An early spring clean and an old favourite…chicken

Spring cleaning comes early in my home. By the time February is on us, I have usually been through my clothes and books and am itching to find something else to chuck out and/or re-organise. This year, it was the cookery books in the kitchen.

I had become a little tired of my old favourites, the ones that had been staring at me above the cooker for the last year or two. Nigel, Nigella, Bill and Delia were looking pretty tired too and, so, after I’d packaged up an amp and DVD player that were occupying valuable cookery book space in the living room, I took everything off the kitchen shelves and started again. Within an hour I’d cleared all three and rearranged them. Smug? I was the queen of smug, full of new ideas about what I’d be cooking once I’d finished cleaning.

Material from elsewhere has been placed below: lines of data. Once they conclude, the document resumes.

theorem claim1p8:
  fixes T N :: "'a set" and le R :: "'a \<Rightarrow> 'a \<Rightarrow> bool" and rt :: 'a
    and Delta :: "'a fml set" and p :: "('a fml \<times> 'a list) set"
  assumes "RSP T le rt N R Delta"
    and "p \<subseteq> inst Delta N"
    and "card_below_t T le p"
    and "card_below_p T le p"
    and "fin_sat N p"
  shows "realized N p"
proof (cases "finite p")
  case True
  then show ?thesis using assms(5) unfolding fin_sat_def by blast
next
  case False
  interpret rsp_small_type T N le R rt Delta p
    using assms by unfold_locales
  show ?thesis using realized_if_infinite[OF False] .
qed

end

Oh smug, how I regretted you later. What was the next task on my spring-cleaning list? Giving the kitchen sink a blast of caustic soda, as recommended to me by my usually brilliant DIY shop round the corner, to remove whatever was making it run slow. (The plumber, you see, had been unavoidably held up by an armed robbery…) Down it went, down went heaps of boiling water, up came a sinkful of truly disgusting brown water. Which then proceeded to sit very, very still.

In fact it sat so still as I cleaned the rest of the house and myself that, by the time it came to the end of the evening, several hours later, the washing up was still heaped up on the sides and I was completely unable to cook anything. My beloved neighbour Mark, who spends most of his weekends somewhere more interesting than N7, said I could use his empty kitchen to wash up so I heaped dirty dishes and pans into a couple of large bags, traipsed down four flights of stairs and the outdoor steps with them, then up his outdoor steps, opened his building’s front door, and tripped. Cue Frank Spencer impression: loud shattering noise, smashed china, cut wrists.

If it hadn’t been late at night, if I hadn’t been starving and if I wasn’t thinking about how the hell I was going to clear up the mess and wash up and eat before Christmas, I might have laughed. Instead, I swore, picked everything up again (dirty, remember, it’s all dirty…), took it all upstairs (another four flights) and discovered that Mark’s hot water wasn’t on so I needed to boil lots of pans of water before I could even start on the mess.

Which is a very long way of saying that Saturday night was a lot less smug than Saturday morning. By the time I got home, and looked at my sad, defrosted chicken legs, I couldn’t be assed to hunt for a new blog-inspiring recipe. Enough experiments and experiences for one day; I needed soothing, safe reliability. Appetite was dug up from behind the armchair and I made something I really should have written about a long time ago, since I make it often: stove-top chicken legs with herbs and cream, which takes five minutes of prep, 30-odd minutes of cooking in between (plus whatever time you need for a side) plus five minutes or so to finish it off. It will make you proud on a day when you’re feeling anything but.

Chicken, garlic and herbs (adapted from Appetite)
For one or two, depending on how greedy/in need of cheering up you are (put it this way: I ate two chicken legs on my own with a couple of handfuls of rocket and lemon salad). Please note: Appetite is the ‘loosest’ of cookbooks, and therefore the ingredients are not very precise, but it is a very forgiving recipe.

Cupboard (or things you may already have)
olive oil
butter, a big lump
garlic cloves, 3
wine, a glass of white
fine sea salt
freshly ground black pepper

Shopping list
chicken leg or 2 (for each person)
fresh herbs, a handful (I used sorrel and thyme, which is all I had)
double cream, good splash

How to
1. Rub the chicken all over with a bit of oil and season with black pepper.
2. Put a splash more oil in a lidded saucepan or frying pan (still with a lid) over a medium heat, add a lump of butter and then, once it begins frothing, add the chicken pieces and cook them all over until golden, turning every so often.
3. Whilst the chicken is cooking, flatten the whole, unpeeled (a great bonus when your hands are cut to ribbons from broken china…) garlic cloves with the blade of a knife and add to the pan.
4. Lower the heat, throw in a pinch of sea salt, cover and leave to cook until done (two legs took about 30 minutes). Turn them every so often to make sure they colour all over.
5. Whilst the chicken is cooking, wash the herbs if necessary and chop roughly.
6. When the chicken is done, remove it and the garlic cloves from the pan and put to one side.
7. Spoon off most of the fat from the pan (keep it for roasting potatoes), leaving behind the chicken juices then turn up the heat and add the wine and herbs. Stir to scrape any sticky bits of chicken into the sauce and let it cook for a minute or two.
8. Finally, stir in a good splash of double cream, let it bubble and thicken, season to taste then pour over the chicken and garlic. A simple salad, plain rice or plain-ish potatoes are perfect foils to this rather delicious, yet dead easy and one-pot, dish.